▶ _EXERCISE DETAILS_
Starting from the line containing "using one_le_interval_length_iff[of x y] by (simp", write out the rest of the entries exactly, through the final line, including nothing else.

☆ ☆ ☆ ☆ ☆

lemma kspan_eunit_eq_supported:
  "kspan {eunit x y | x y. P x y} = {f :: 'a::finite \<Rightarrow> 'a \<Rightarrow> 'k::field. \<forall>x y. f x y \<noteq> 0 \<longrightarrow> P x y}"
  (is "kspan ?E = ?F")
proof
  show "kspan ?E \<subseteq> ?F"
    by (rule kspan_minimal[OF _ ksubspace_supported]) (auto simp: eunit_def split: if_splits)
next
  show "?F \<subseteq> kspan ?E"
  proof
    fix f assume f: "f \<in> ?F"
    define D where "D = {(x, y). P x y}"
    define e where "e = (\<lambda>(x, y). eunit x y :: 'a \<Rightarrow> 'a \<Rightarrow> 'k)"
    define c where "c = (\<lambda>s. case inv_into D e s of (x, y) \<Rightarrow> f x y)"
    have inj: "inj_on e D"
      by (auto simp: inj_on_def e_def dest: eunit_eqD)
    have c_eunit: "c (eunit x y) = f x y" if "(x, y) \<in> D" for x y
      using inv_into_f_f[OF inj that] by (simp add: c_def e_def)
    have "f u v = (\<Sum>s\<in>e ` D. c s * s u v)" for u v
    proof -
      have "(\<Sum>s\<in>e ` D. c s * s u v) = (\<Sum>p\<in>D. c (e p) * e p u v)"
        by (simp add: sum.reindex[OF inj])
      also have "\<dots> = (\<Sum>p\<in>D. if p = (u, v) then f u v else 0)"
        by (rule sum.cong) (auto simp: c_eunit e_def eunit_apply split: if_splits)
      also have "\<dots> = f u v"
        using f by (auto simp: D_def)
      finally show ?thesis ..
    qed
    moreover have "e ` D \<subseteq> ?E"
      by (auto simp: e_def D_def)
    ultimately show "f \<in> kspan ?E"
      unfolding kspan_def by (intro CollectI exI[of _ "e ` D"] exI[of _ c]) auto
  qed
qed

definition inc_filtration :: "nat \<Rightarrow> ('a::{order,finite} \<Rightarrow> 'a \<Rightarrow> 'k::field) set" where
  "inc_filtration m = {f. \<forall>x y. f x y \<noteq> 0 \<longrightarrow> x \<le> y \<and> m \<le> interval_length x y}"

lemma inc_filtration_eq_kspan:
  "inc_filtration m = kspan {eunit x y | x y. x \<le> y \<and> m \<le> interval_length x y}"
  unfolding inc_filtration_def by (rule kspan_eunit_eq_supported[symmetric])

lemma ksubspace_inc_filtration: "ksubspace (inc_filtration m)"
  unfolding inc_filtration_def by (rule ksubspace_supported)

lemma inc_filtration_diff: "f \<in> inc_filtration m \<Longrightarrow> g \<in> inc_filtration m \<Longrightarrow> f - g \<in> inc_filtration m"
  by (auto simp: inc_filtration_def) (metis diff_self diff_zero)+

lemma inc_filtration_0: "inc_filtration 0 = inc_alg"
  by (auto simp: inc_filtration_def inc_alg_def)

lemma inc_filtration_subset_inc_alg: "inc_filtration m \<subseteq> inc_alg"
  by (auto simp: inc_filtration_def inc_alg_def)

lemma inc_filtration_1: "inc_filtration 1 = inc_rad"
proof -
  have "x \<le> y \<and> 1 \<le> interval_length x y \<longleftrightarrow> x \<le> y \<and> x \<noteq> y" for x y :: 'a
    using one_le_interval_length_iff[of x y] by (auto simp: less_le)
  then show ?thesis
    unfolding inc_filtration_def inc_rad_def inc_alg_def by auto
qed

lemma eunit_mem_inc_filtration:
  "x \<le> y \<Longrightarrow> m \<le> interval_length x y \<Longrightarrow> eunit x y \<in> inc_filtration m"
  by (simp add: inc_filtration_def eunit_apply)

lemma inc_filtration_card:
  "inc_filtration (card (UNIV :: 'a set)) = {0 :: 'a::{order,finite} \<Rightarrow> 'a \<Rightarrow> 'k::field}"
proof -
  have "f = 0" if "f \<in> inc_filtration (card (UNIV :: 'a set))" for f :: "'a \<Rightarrow> 'a \<Rightarrow> 'k"
  proof (intro ext)
    fix x y :: 'a
    have "\<not> card (UNIV :: 'a set) \<le> interval_length x y"
      using interval_length_less_card[of x y] by simp
    then show "f x y = 0 x y"
      using that by (auto simp: inc_filtration_def)
  qed
  then show ?thesis
    using ksubspace_inc_filtration by (auto simp: ksubspace_def)
qed

lemma inc_mult_mem_inc_filtration:
  fixes f g :: "'a::{order,finite} \<Rightarrow> 'a \<Rightarrow> 'k::field"
  assumes "f \<in> inc_filtration a" "g \<in> inc_filtration b"
    and "\<And>x t y :: 'a. x \<le> t \<Longrightarrow> t \<le> y \<Longrightarrow> a \<le> interval_length x t \<Longrightarrow> b \<le> interval_length t y
      \<Longrightarrow> c \<le> interval_length x y"
  shows "inc_mult f g \<in> inc_filtration c"
  unfolding inc_filtration_def
proof (intro CollectI allI impI)
  fix x y assume "inc_mult f g x y \<noteq> 0"
  then obtain t where "t \<in> {t. x \<le> t \<and> t \<le> y}" "f x t * g t y \<noteq> 0"
    unfolding inc_mult_def by (rule sum.not_neutral_contains_not_neutral)
  then have t: "x \<le> t" "t \<le> y" "f x t \<noteq> 0" "g t y \<noteq> 0"
    by simp_all
  then have "a \<le> interval_length x t" "b \<le> interval_length t y"
    using assms(1,2) by (auto simp: inc_filtration_def)
  then show "x \<le> y \<and> c \<le> interval_length x y"
    using assms(3)[OF t(1,2)] order_trans[OF t(1,2)] by simp
qed

lemma inc_mult_inc_filtration_Suc_left:
  "f \<in> inc_filtration 1 \<Longrightarrow> g \<in> inc_filtration m \<Longrightarrow> inc_mult f g \<in> inc_filtration (Suc m)"
  by (erule inc_mult_mem_inc_filtration, assumption)
    (metis Suc_interval_length_le_left one_le_interval_length_iff Suc_le_mono order_trans)

lemma inc_mult_inc_filtration_Suc_right:
  "f \<in> inc_filtration 1 \<Longrightarrow> g \<in> inc_filtration m \<Longrightarrow> inc_mult g f \<in> inc_filtration (Suc m)"
  by (rule inc_mult_mem_inc_filtration, assumption, assumption)
    (metis Suc_interval_length_le_right one_le_interval_length_iff Suc_le_mono order_trans)

lemma inc_mult_inc_alg_left:
  "f \<in> inc_alg \<Longrightarrow> g \<in> inc_filtration m \<Longrightarrow> inc_mult f g \<in> inc_filtration m"
  unfolding inc_filtration_0[symmetric]
  by (erule inc_mult_mem_inc_filtration, assumption) (meson interval_length_mono_left order_trans)

lemma inc_mult_inc_alg_right:
  "f \<in> inc_alg \<Longrightarrow> g \<in> inc_filtration m \<Longrightarrow> inc_mult g f \<in> inc_filtration m"
  unfolding inc_filtration_0[symmetric]
  by (rule inc_mult_mem_inc_filtration, assumption, assumption)
    (meson interval_length_mono_right order_trans)

lemma inc_comm_inc_filtration_Suc:
  "f \<in> inc_filtration 1 \<Longrightarrow> g \<in> inc_filtration m \<Longrightarrow> inc_comm f g \<in> inc_filtration (Suc m)"
  unfolding inc_comm_def
  by (intro inc_filtration_diff inc_mult_inc_filtration_Suc_left inc_mult_inc_filtration_Suc_right)

lemma inc_comm_inc_alg:
  "f \<in> inc_alg \<Longrightarrow> g \<in> inc_filtration m \<Longrightarrow> inc_comm f g \<in> inc_filtration m"
  unfolding inc_comm_def by (intro inc_filtration_diff inc_mult_inc_alg_left inc_mult_inc_alg_right)

text \<open>No hypothesis on \<open>f\<close>, \<open>g\<close> is needed: on the diagonal the commutator is
  \<open>f x x * g x x - g x x * f x x = 0\<close>, and below it the defining sum is empty.\<close>

lemma inc_comm_mem_inc_filtration_1: "inc_comm f g \<in> inc_filtration 1"
  unfolding inc_filtration_def
proof (intro CollectI allI impI)
  fix x y assume "inc_comm f g x y \<noteq> 0"
  then have nz: "(\<Sum>t\<in>{t. x \<le> t \<and> t \<le> y}. f x t * g t y) \<noteq> (\<Sum>t\<in>{t. x \<le> t \<and> t \<le> y}. g x t * f t y)"
    by (simp add: inc_comm_def inc_mult_def)
  have "x \<le> y"
  proof (rule ccontr)
    assume "\<not> x \<le> y"
    then have "{t. x \<le> t \<and> t \<le> y} = {}"
      using order_trans by blast
    then show False
      using nz by (simp only: sum.empty) simp
  qed
  moreover have "x \<noteq> y"
  proof
    assume "x = y"
    then have "{t. x \<le> t \<and> t \<le> y} = {x}"
      by auto
    then show False
      using nz \<open>x = y\<close> by (simp add: mult.commute)
  qed
  ultimately show "x \<le> y \<and> 1 \<le> interval_length x y"
    using one_le_interval_length_iff[of x y] by (simp add: less_le)
qed

lemma kspan_eq_inc_filtration:
  assumes "{eunit x y | x y. x \<le> y \<and> m \<le> interval_length x y} \<subseteq> S" "S \<subseteq> inc_filtration m"
  shows "kspan S = inc_filtration m"
proof (rule antisym)
  show "kspan S \<subseteq> inc_filtration m"
    by (rule kspan_minimal[OF assms(2) ksubspace_inc_filtration])
  show "inc_filtration m \<subseteq> kspan S"
    unfolding inc_filtration_eq_kspan by (rule kspan_mono[OF assms(1)])
qed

☆ ☆ ☆ ☆ ☆

▶ _SOLUTION TO THE EXERCISE_
    using one_le_interval_length_iff[of x y] by (simp add: less_le)
qed

lemma kspan_eq_inc_filtration:
  assumes "{eunit x y | x y. x \<le> y \<and> m \<le> interval_length x y} \<subseteq> S" "S \<subseteq> inc_filtration m"
  shows "kspan S = inc_filtration m"
proof (rule antisym)
  show "kspan S \<subseteq> inc_filtration m"
    by (rule kspan_minimal[OF assms(2) ksubspace_inc_filtration])
  show "inc_filtration m \<subseteq> kspan S"
    unfolding inc_filtration_eq_kspan by (rule kspan_mono[OF assms(1)])
qed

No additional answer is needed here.